The Monarchist said...

Members of the Royal Family are His/Her Royal Highness, but His/Her Majesty is reserved for the King, the Queen, the Queen Consort or the Queen Dowager. Her Majesty the Queen Mother was Queen Consort during the reign of King George VI, and after he died, Queen Dowager. But they are not His/Her Highness. They have not been Highness since Henry VIII adopted Majesty in the 16th century.

John said...

I usually like most of your comments, however....

We Virginians paying homage to a sovereign ended about 226 years ago about 22 miles east of Jamestown.

That said, I would love to sign your petition concerning the RCN & RCAF. Does the fact my ancestors emigrated from PEI & Nova Scotia about a century qualify me?

J.K. Baltzersen said...

Thank you, "Lord Beaverbrook," for your enlightening me. I am of course aware of the use of the title "Majesty." However, I was not aware of the term "Queen Dowager," which I presume is the correct translation of the Norwegian term "enkedronning," which I until today would have translated into "widow queen."

While I have had the privilege of attending an English-speaking school for basically the first 4 school years of my life, I do appreciate every day I can learn something new about the English language.

Again, thank you.

Keir said...

In the West Wing on Friday, the talk was of negotiations with Syria, but in the East Wing, it was all about china — and not the country. The meal of five courses instead of the customary four will be served on gold-trimmed Lenox bought in the Clinton years.

The floral shop was frantic, with seven florists arranging centerpieces for every public room in the house. Cream-colored roses and white lilacs for the State Dining Room, pale pink roses for the Green Room, pale yellow roses in the Diplomatic Room and classic red roses for the Red Room.

“Wet Paint” signs were everywhere, and workers were washing the windows in the Colonnade that runs past the Rose Garden. Inside, at Mrs. Bush’s direction, a panel of photographs of earlier royal visits was on display, including one of President Gerald R. Ford dancing with the queen in 1976.

Even Vice President Dick Cheney got into the act as the official White House representative at the welcoming on Friday in Jamestown, Va. He proclaimed the visit an affirmation of “the ties of trust and warm friendship between our two countries.”
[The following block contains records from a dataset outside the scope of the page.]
text \<open>Coefficients are indexed f 0, ..., f (t-1) (i.e. f_{i+1} of the paper is f i).
  dist_reps B f t n q: there are q*t pairwise distinct elements d 0, ..., d (q*t-1) of B
  such that for every j < q, sum over i < t of f i * d (j*t+i) equals n.\<close>

definition dist_reps :: "nat set \<Rightarrow> (nat \<Rightarrow> nat) \<Rightarrow> nat \<Rightarrow> nat \<Rightarrow> nat \<Rightarrow> bool" where
  "dist_reps B f t n q \<longleftrightarrow>
     (\<exists>d :: nat \<Rightarrow> nat. inj_on d {..<q*t} \<and> d ` {..<q*t} \<subseteq> B \<and>
        (\<forall>j<q. (\<Sum>i<t. f i * d (j*t+i)) = n))"

text \<open>R^Dist(n): the largest q \<ge> 0 with dist_reps (well defined when B consists of
  positive integers and all f i are positive, since then q*t \<le> n).\<close>
definition RDist :: "nat set \<Rightarrow> (nat \<Rightarrow> nat) \<Rightarrow> nat \<Rightarrow> nat \<Rightarrow> nat" where
  "RDist B f t n = (GREATEST q. dist_reps B f t n q)"

end

theory Submission
  imports Defs
begin

text \<open>Let \<open>\<alpha> = (4h-3)/(4h-1)\<close> and \<open>q = 4h+1\<close>. If \<open>R^Dist(n) \<ge> q\<close>, then B contains the entries of
  an injective tuple forming q representations of n; by independence a fixed such tuple lies in B
  with probability \<open>\<Prod> d\<^sub>k^(-\<alpha>)\<close>, so the union bound gives \<open>P(R^Dist(n) \<ge> q) \<le> S(n)^q\<close> with
  \<open>S(n) = \<Sum>\<^sub>e \<Prod>\<^sub>i e\<^sub>i^(-\<alpha>)\<close> over single representations e of n. In every representation some
  \<open>e\<^sub>m \<ge> n / \<Sum>f\<close>, and \<open>e\<^sub>m\<close> is determined by the other \<open>t-1\<close> entries, whence
  \<open>S(n) \<lesssim> n^(-\<alpha>) (n^(1-\<alpha>))^(t-1) \<le> n^(-1/(4h-1))\<close> because \<open>t \<le> 2h-1\<close>. Hence
  \<open>P(R^Dist(n) > 4h) \<lesssim> n^(-(4h+1)/(4h-1))\<close> is summable, and Borel--Cantelli applies.\<close>

lemma powr_diff_ge:
  fixes a :: real and n :: nat
  assumes "0 \<le> a" "a \<le> 1" "n \<ge> 1"
  shows "(1 - a) * real (Suc n) powr (-a) \<le> real (Suc n) powr (1 - a) - real n powr (1 - a)"
proof -
  have "\<exists>z. real n < z \<and> z < real (Suc n) \<and>
      real (Suc n) powr (1 - a) - real n powr (1 - a)
        = (real (Suc n) - real n) * ((1 - a) * z powr (1 - a - 1))"
  proof (rule MVT2)
    fix x assume "real n \<le> x" "x \<le> real (Suc n)"
    then have "x > 0" using assms by auto
    then show "((\<lambda>x. x powr (1 - a)) has_real_derivative (1 - a) * x powr (1 - a - 1)) (at x)"
      by (rule has_real_derivative_powr)
  qed simp
  then obtain z where z: "real n < z" "z < real (Suc n)"
    and mvt: "real (Suc n) powr (1 - a) - real n powr (1 - a) = (1 - a) * z powr (-a)"
    by auto
  have "real (Suc n) powr (-a) \<le> z powr (-a)"
    using z assms by (intro powr_mono2') auto
  then show ?thesis
    using mvt assms by (simp add: mult_left_mono)
qed

lemma sum_powr_neg_le:
  fixes a :: real
  assumes "0 \<le> a" "a < 1"
  shows "(\<Sum>x = 1..n. real x powr (-a)) \<le> real n powr (1 - a) / (1 - a)"
proof (induction n)
  case (Suc n)
  show ?case
  proof (cases "n = 0")
    case False
    have "(\<Sum>x = 1..Suc n. real x powr (-a)) = (\<Sum>x = 1..n. real x powr (-a)) + real (Suc n) powr (-a)"
      by simp
    also have "\<dots> \<le> real n powr (1 - a) / (1 - a)
        + (real (Suc n) powr (1 - a) - real n powr (1 - a)) / (1 - a)"
      using Suc.IH powr_diff_ge[of a n] False assms
      by (intro add_mono) (auto simp: pos_le_divide_eq mult.commute)
    also have "\<dots> = real (Suc n) powr (1 - a) / (1 - a)"
      by (simp add: diff_divide_distrib)
    finally show ?thesis .
  qed (use assms in simp)
qed simp

lemma ex_weighted_sum_le:
  fixes f e :: "nat \<Rightarrow> nat"
  assumes "t \<ge> 1"
  shows "\<exists>m<t. (\<Sum>i<t. f i * e i) \<le> (\<Sum>i<t. f i) * e m"
proof -
  have "Max (e ` {..<t}) \<in> e ` {..<t}"
    using assms by (intro Max_in) (auto simp: lessThan_empty_iff)
  then obtain m where m: "m < t" "e m = Max (e ` {..<t})" by auto
  have max: "e i \<le> e m" if "i < t" for i
    unfolding m(2) using that by (intro Max_ge) auto
  have "(\<Sum>i<t. f i * e i) \<le> (\<Sum>i<t. f i * e m)"
    using max by (intro sum_mono mult_left_mono) auto
  with m(1) show ?thesis by (auto simp: sum_distrib_right)
qed

definition reps :: "(nat \<Rightarrow> nat) \<Rightarrow> nat \<Rightarrow> nat \<Rightarrow> (nat \<Rightarrow> nat) set" where
  "reps f t n = {e \<in> {..<t} \<rightarrow>\<^sub>E {1..n}. (\<Sum>i<t. f i * e i) = n}"

definition block_reps :: "(nat \<Rightarrow> nat) \<Rightarrow> nat \<Rightarrow> nat \<Rightarrow> nat \<Rightarrow> (nat \<Rightarrow> nat) set" where
  "block_reps f t q n = {d \<in> {..<q*t} \<rightarrow>\<^sub>E {1..n}. \<forall>j<q. (\<Sum>i<t. f i * d (j*t + i)) = n}"

lemma finite_reps [simp]: "finite (reps f t n)"
  unfolding reps_def by (rule finite_subset[of _ "{..<t} \<rightarrow>\<^sub>E {1..n}"]) (auto intro: finite_PiE)

lemma finite_block_reps [simp]: "finite (block_reps f t q n)"
  unfolding block_reps_def
  by (rule finite_subset[of _ "{..<q*t} \<rightarrow>\<^sub>E {1..n}"]) (auto intro: finite_PiE)

lemma block_reps_values: "d \<in> block_reps f t q n \<Longrightarrow> k < q*t \<Longrightarrow> d k \<in> {1..n}"
  unfolding block_reps_def by blast

lemma sum_prod_le_power_sum_if_inj:
  fixes w :: "'b \<Rightarrow> real"
  assumes "inj_on \<phi> D" "\<phi> ` D \<subseteq> I \<rightarrow>\<^sub>E X" "finite I" "finite X" "\<And>x. x \<in> X \<Longrightarrow> w x \<ge> 0"
  shows "(\<Sum>d\<in>D. \<Prod>i\<in>I. w (\<phi> d i)) \<le> (\<Sum>x\<in>X. w x) ^ card I"
proof -
  have "(\<Sum>d\<in>D. \<Prod>i\<in>I. w (\<phi> d i)) = (\<Sum>g\<in>\<phi> ` D. \<Prod>i\<in>I. w (g i))"
    by (simp add: sum.reindex[OF assms(1)])
  also have "\<dots> \<le> (\<Sum>g\<in>I \<rightarrow>\<^sub>E X. \<Prod>i\<in>I. w (g i))"
    using assms(2-5) by (intro sum_mono2 finite_PiE prod_nonneg) (auto simp: PiE_iff)
  also have "\<dots> = (\<Prod>i\<in>I. \<Sum>x\<in>X. w x)"
    using prod_sum_PiE[of I "\<lambda>_. X" "\<lambda>_ x. w x"] assms(3,4) by simp
  finally show ?thesis by simp
qed

lemma reps_restrict_inj_on:
  assumes "m < t" "f m > 0"
  shows "inj_on (\<lambda>e. restrict e ({..<t} - {m})) (reps f t n)"
proof (rule inj_onI)
  fix e1 e2
  assume e1: "e1 \<in> reps f t n" and e2: "e2 \<in> reps f t n"
    and eq: "restrict e1 ({..<t} - {m}) = restrict e2 ({..<t} - {m})"
  have agree: "e1 i = e2 i" if "i < t" "i \<noteq> m" for i
    using fun_cong[OF eq, of i] that by simp
  have "(\<Sum>i<t. f i * e i) = f m * e m + (\<Sum>i\<in>{..<t} - {m}. f i * e i)" for e :: "nat \<Rightarrow> nat"
    using assms(1) by (simp add: sum.remove)
  then have "f m * e1 m = f m * e2 m"
    using e1 e2 agree by (auto simp: reps_def intro!: sum.cong)
  then have "e1 m = e2 m" using assms(2) by simp
  show "e1 = e2"
  proof (rule extensionalityI)
    show "e1 \<in> extensional {..<t}" "e2 \<in> extensional {..<t}"
      using e1 e2 by (simp_all add: reps_def PiE_def)
    show "e1 i = e2 i" if "i \<in> {..<t}" for i
      using agree \<open>e1 m = e2 m\<close> that by (cases "i = m") auto
  qed
qed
This is the queen’s fourth state visit to the United States. Aside from the 1991 and 1976 visits, she was here in 1957 when Dwight D. Eisenhower was president.

In July 2001, the Bushes had lunch with the queen at Buckingham Palace.

“He didn’t drink water out of his bottle,” said Ari Fleischer, the former White House press secretary, who was there.

http://tinyurl.com/33hkd4

Bernie Quigley said...

Delighted that you all cited my essay (as I received much virulent hate mail here in the U.S.). I’m sure my kids will be thrilled. (They think I do nothing but mope around in my bathrobe.) The Queen embodies the most ancient mythology of the English-speaking people (see Graves, “The White Goddess.") She presents an archetype and an ancient, perhaps biological memory to us, which silently tells us who we are. Without this memory we are condemned to extroversion, novelty and distraction and are unable to find the way to our center. But paradigm shift is needed to address the third millennium. Victoria wisely placed Ottawa to be the benign center of the countervailing forces of Quebec and Ontario. I've always felt it to be her true legasy in time. It could now be the center of an emerging fraternal Anglosphere culture. And Ottawa is more now than the center of the Anglosphere; it is the center of the world, South, West, East and the Great White North. When Peter the Great went to address the larger world he opened from Moscow to St. Petersburg. Ottawa would do the same in our time to most effectively engage and guide in the centuries ahead. Cheers, Quigley

The Monarchist said...

Welcome, Mr. Quigley, and thank you for the article, which I'm sure has caused quite a stir in your in-box from such blowhards as the Thomas Paine rabble, the lovely Fenians of the Irish Freedom Committee and other gasbag what-nots.

Not sure about Ottawa being the centre of the Anglosphere though, as geography is increasingly irrelevant in a digitized world. I only wish the UK would wake up to this fact, and extricate itself from the EU.